(* For every $t\geq 0$ let $Q_t$, $M_t$ and $\psi_t$ be real random variables (on a common probability space) such that $M_t\neq 0$ almost surely and $\psi_t$ is independent of $(Q_t,M_t)$. Suppose $\psi$ is a real random variable satisfying \[ \psi = Q_t + M_t\,\psi_t \quad \text{for all } t\geq 0, \] and such that $\psi$ has the same distribution as $\psi_t$ for all $t\geq 0$, and suppose further that $Q_t\to\psi$ in probability as $t\to\infty$. Then the distribution of $\psi$ has an atom if and only if $\psi$ is almost surely equal to a constant. *)

theory Defs
  imports "HOL-Probability.Probability"
begin

definition conv_in_prob :: "'a measure \<Rightarrow> (real \<Rightarrow> 'a \<Rightarrow> real) \<Rightarrow> ('a \<Rightarrow> real) \<Rightarrow> bool" where
  "conv_in_prob M X Y \<longleftrightarrow>
     (\<forall>e>0. ((\<lambda>t. measure M {x \<in> space M. \<bar>X t x - Y x\<bar> > e}) \<longlongrightarrow> 0) at_top)"

definition has_atom :: "real measure \<Rightarrow> bool" where
  "has_atom \<mu> \<longleftrightarrow> (\<exists>c. measure \<mu> {c} > 0)"

text \<open>Independence of two random variables with possibly different codomain types
  (the library's indep_var requires equal codomain types); this is exactly the right-hand
  side of the library lemma prob_space.indep_var_eq.\<close>
definition indep_rv :: "'a measure \<Rightarrow> 'b measure \<Rightarrow> ('a \<Rightarrow> 'b) \<Rightarrow> 'c measure \<Rightarrow> ('a \<Rightarrow> 'c) \<Rightarrow> bool" where
  "indep_rv M S X T Y \<longleftrightarrow>
     X \<in> measurable M S \<and> Y \<in> measurable M T \<and>
     prob_space.indep_set M
       (sigma_sets (space M) {X -` A \<inter> space M | A. A \<in> sets S})
       (sigma_sets (space M) {Y -` A \<inter> space M | A. A \<in> sets T})"

end

theory Submission
  imports Defs
begin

##############################

▶ _Exercise requirements_
Reproduce the records above exactly.

▶ _Result for this exercise_
(* For every $t\geq 0$ let $Q_t$, $M_t$ and $\psi_t$ be real random variables (on a common probability space) such that $M_t\neq 0$ almost surely and $\psi_t$ is independent of $(Q_t,M_t)$. Suppose $\psi$ is a real random variable satisfying \[ \psi = Q_t + M_t\,\psi_t \quad \text{for all } t\geq 0, \] and such that $\psi$ has the same distribution as $\psi_t$ for all $t\geq 0$, and suppose further that $Q_t\to\psi$ in probability as $t\to\infty$. Then the distribution of $\psi$ has an atom if and only if $\psi$ is almost surely equal to a constant. *)

theory Defs
  imports "HOL-Probability.Probability"
begin

definition conv_in_prob :: "'a measure \<Rightarrow> (real \<Rightarrow> 'a \<Rightarrow> real) \<Rightarrow> ('a \<Rightarrow> real) \<Rightarrow> bool" where
  "conv_in_prob M X Y \<longleftrightarrow>
     (\<forall>e>0. ((\<lambda>t. measure M {x \<in> space M. \<bar>X t x - Y x\<bar> > e}) \<longlongrightarrow> 0) at_top)"

definition has_atom :: "real measure \<Rightarrow> bool" where
  "has_atom \<mu> \<longleftrightarrow> (\<exists>c. measure \<mu> {c} > 0)"

text \<open>Independence of two random variables with possibly different codomain types
  (the library's indep_var requires equal codomain types); this is exactly the right-hand
  side of the library lemma prob_space.indep_var_eq.\<close>
definition indep_rv :: "'a measure \<Rightarrow> 'b measure \<Rightarrow> ('a \<Rightarrow> 'b) \<Rightarrow> 'c measure \<Rightarrow> ('a \<Rightarrow> 'c) \<Rightarrow> bool" where
  "indep_rv M S X T Y \<longleftrightarrow>
     X \<in> measurable M S \<and> Y \<in> measurable M T \<and>
     prob_space.indep_set M
       (sigma_sets (space M) {X -` A \<inter> space M | A. A \<in> sets S})
       (sigma_sets (space M) {Y -` A \<inter> space M | A. A \<in> sets T})"

end

theory Submission
  imports Defs
begin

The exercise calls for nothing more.